(* Let $F$, $X_0$, $B$, $C$ be as in the context. Suppose $\dim\ker C=1$, let $T\subset\mathbb{R}^m$ be a linear subspace of codimension 1 with $T\cap\ker C=\{0\}$, and suppose $F(X)=0$ has a nonconstant analytic family of solutions $X(t)=\sum_{p=0}^\infty X_pt^p$ with initial term $X_0$. Then $F(X)=0$ admits a $T$-standard formal solution $Y(t)=\sum_{p=0}^\infty Y_pt^p$ with $Y_0=X_0$.
   Context: Let $m,n\ge 1$ and let $F=(F_1,\dots,F_n):\mathbb{R}^m\to\mathbb{R}^n$, where each component is a polynomial of degree at most 2 written as $F_k(X)=\sum_{i=1}^m\sum_{j=1}^m\alpha^k_{ij}x_ix_j+\sum_{i=1}^m\beta^k_ix_i+\gamma^k$ for $X=(x_1,\dots,x_m)$, with real coefficients and $\alpha^k_{ij}=\alpha^k_{ji}$. Fix $X_0\in\mathbb{R}^m$ with $F(X_0)=0$. Define the bilinear map $B:\mathbb{R}^m\times\mathbb{R}^m\to\mathbb{R}^n$ by $B(X,Y)_k=\sum_{i,j=1}^m\alpha^k_{ij}x_iy_j$, the linear map $A:\mathbb{R}^m\to\mathbb{R}^n$ by $(AX)_k=\sum_{i=1}^m\beta^k_ix_i$, and the linear map $C:\mathbb{R}^m\to\mathbb{R}^n$ by $CX=B(X_0,X)+B(X,X_0)+AX$. An analytic family of solutions with initial term $X_0$ is a power series $X(t)=\sum_{p=0}^\infty X_pt^p$ with $X_p\in\mathbb{R}^m$, positive radius of convergence, constant term equal to $X_0$, and $F(X(t))=0$ for all sufficiently small $t$; it is nonconstant if $X_p\neq 0$ for some $p\ge 1$. Given a codimension-1 subspace $T$ with $T\cap\ker C=\{0\}$, a $T$-standard formal solution to $F(X)=0$ is a formal power series $Y(t)=\sum_{p=0}^\infty Y_pt^p$ with $Y_p\in\mathbb{R}^m$ (no convergence required) such that: (1) $CY_q=-\sum_{p=1}^{q-1}B(Y_p,Y_{q-p})$ for every $q\ge 1$; (2) $Y_1\neq 0$; (3) $Y_p\in T$ for every $p\ge 2$. *)

theory Defs
  imports "HOL-Analysis.Analysis"
begin

definition quadF :: "('n \<Rightarrow> 'm::finite \<Rightarrow> 'm \<Rightarrow> real) \<Rightarrow> ('n \<Rightarrow> 'm \<Rightarrow> real) \<Rightarrow> ('n::finite \<Rightarrow> real)
    \<Rightarrow> real^'m \<Rightarrow> real^'n" where
  "quadF \<alpha> \<beta> \<gamma> X = (\<chi> k. (\<Sum>i\<in>UNIV. \<Sum>j\<in>UNIV. \<alpha> k i j * X$i * X$j)
                         + (\<Sum>i\<in>UNIV. \<beta> k i * X$i) + \<gamma> k)"

definition bilinB :: "('n::finite \<Rightarrow> 'm::finite \<Rightarrow> 'm \<Rightarrow> real) \<Rightarrow> real^'m \<Rightarrow> real^'m \<Rightarrow> real^'n" where
  "bilinB \<alpha> X Y = (\<chi> k. \<Sum>i\<in>UNIV. \<Sum>j\<in>UNIV. \<alpha> k i j * X$i * Y$j)"

definition linA :: "('n::finite \<Rightarrow> 'm::finite \<Rightarrow> real) \<Rightarrow> real^'m \<Rightarrow> real^'n" where
  "linA \<beta> X = (\<chi> k. \<Sum>i\<in>UNIV. \<beta> k i * X$i)"

definition linC :: "('n::finite \<Rightarrow> 'm::finite \<Rightarrow> 'm \<Rightarrow> real) \<Rightarrow> ('n \<Rightarrow> 'm \<Rightarrow> real) \<Rightarrow> real^'m
    \<Rightarrow> real^'m \<Rightarrow> real^'n" where
  "linC \<alpha> \<beta> X0 X = bilinB \<alpha> X0 X + bilinB \<alpha> X X0 + linA \<beta> X"

definition analytic_family ::
    "('n::finite \<Rightarrow> 'm::finite \<Rightarrow> 'm \<Rightarrow> real) \<Rightarrow> ('n \<Rightarrow> 'm \<Rightarrow> real) \<Rightarrow> ('n \<Rightarrow> real)
     \<Rightarrow> real^'m \<Rightarrow> (nat \<Rightarrow> real^'m) \<Rightarrow> bool" where
  "analytic_family \<alpha> \<beta> \<gamma> X0 Xs \<longleftrightarrow>
     conv_radius Xs > 0 \<and> Xs 0 = X0 \<and>
     (\<exists>\<epsilon>>0. \<forall>t::real. \<bar>t\<bar> < \<epsilon> \<longrightarrow> quadF \<alpha> \<beta> \<gamma> (\<Sum>p. t ^ p *\<^sub>R Xs p) = 0)"

definition nonconstant_series :: "(nat \<Rightarrow> real^'m::finite) \<Rightarrow> bool" where
  "nonconstant_series Xs \<longleftrightarrow> (\<exists>p\<ge>1. Xs p \<noteq> 0)"

definition T_standard_formal_solution ::
    "('n::finite \<Rightarrow> 'm::finite \<Rightarrow> 'm \<Rightarrow> real) \<Rightarrow> ('n \<Rightarrow> 'm \<Rightarrow> real) \<Rightarrow> real^'m
     \<Rightarrow> (real^'m) set \<Rightarrow> (nat \<Rightarrow> real^'m) \<Rightarrow> bool" where
  "T_standard_formal_solution \<alpha> \<beta> X0 T Ys \<longleftrightarrow>
     (\<forall>q\<ge>1. linC \<alpha> \<beta> X0 (Ys q) = - (\<Sum>p=1..q-1. bilinB \<alpha> (Ys p) (Ys (q - p)))) \<and>
     Ys 1 \<noteq> 0 \<and>
     (\<forall>p\<ge>2. Ys p \<in> T)"

end

theory Submission
  imports Defs "HOL-Analysis.FPS_Convergence"
begin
:::::
PROBLEM DETAILS —
Looking at the entries, state how many lines hold the string "Defs", with the number as the sole reply.

RESPONSE TO THE TASK —
2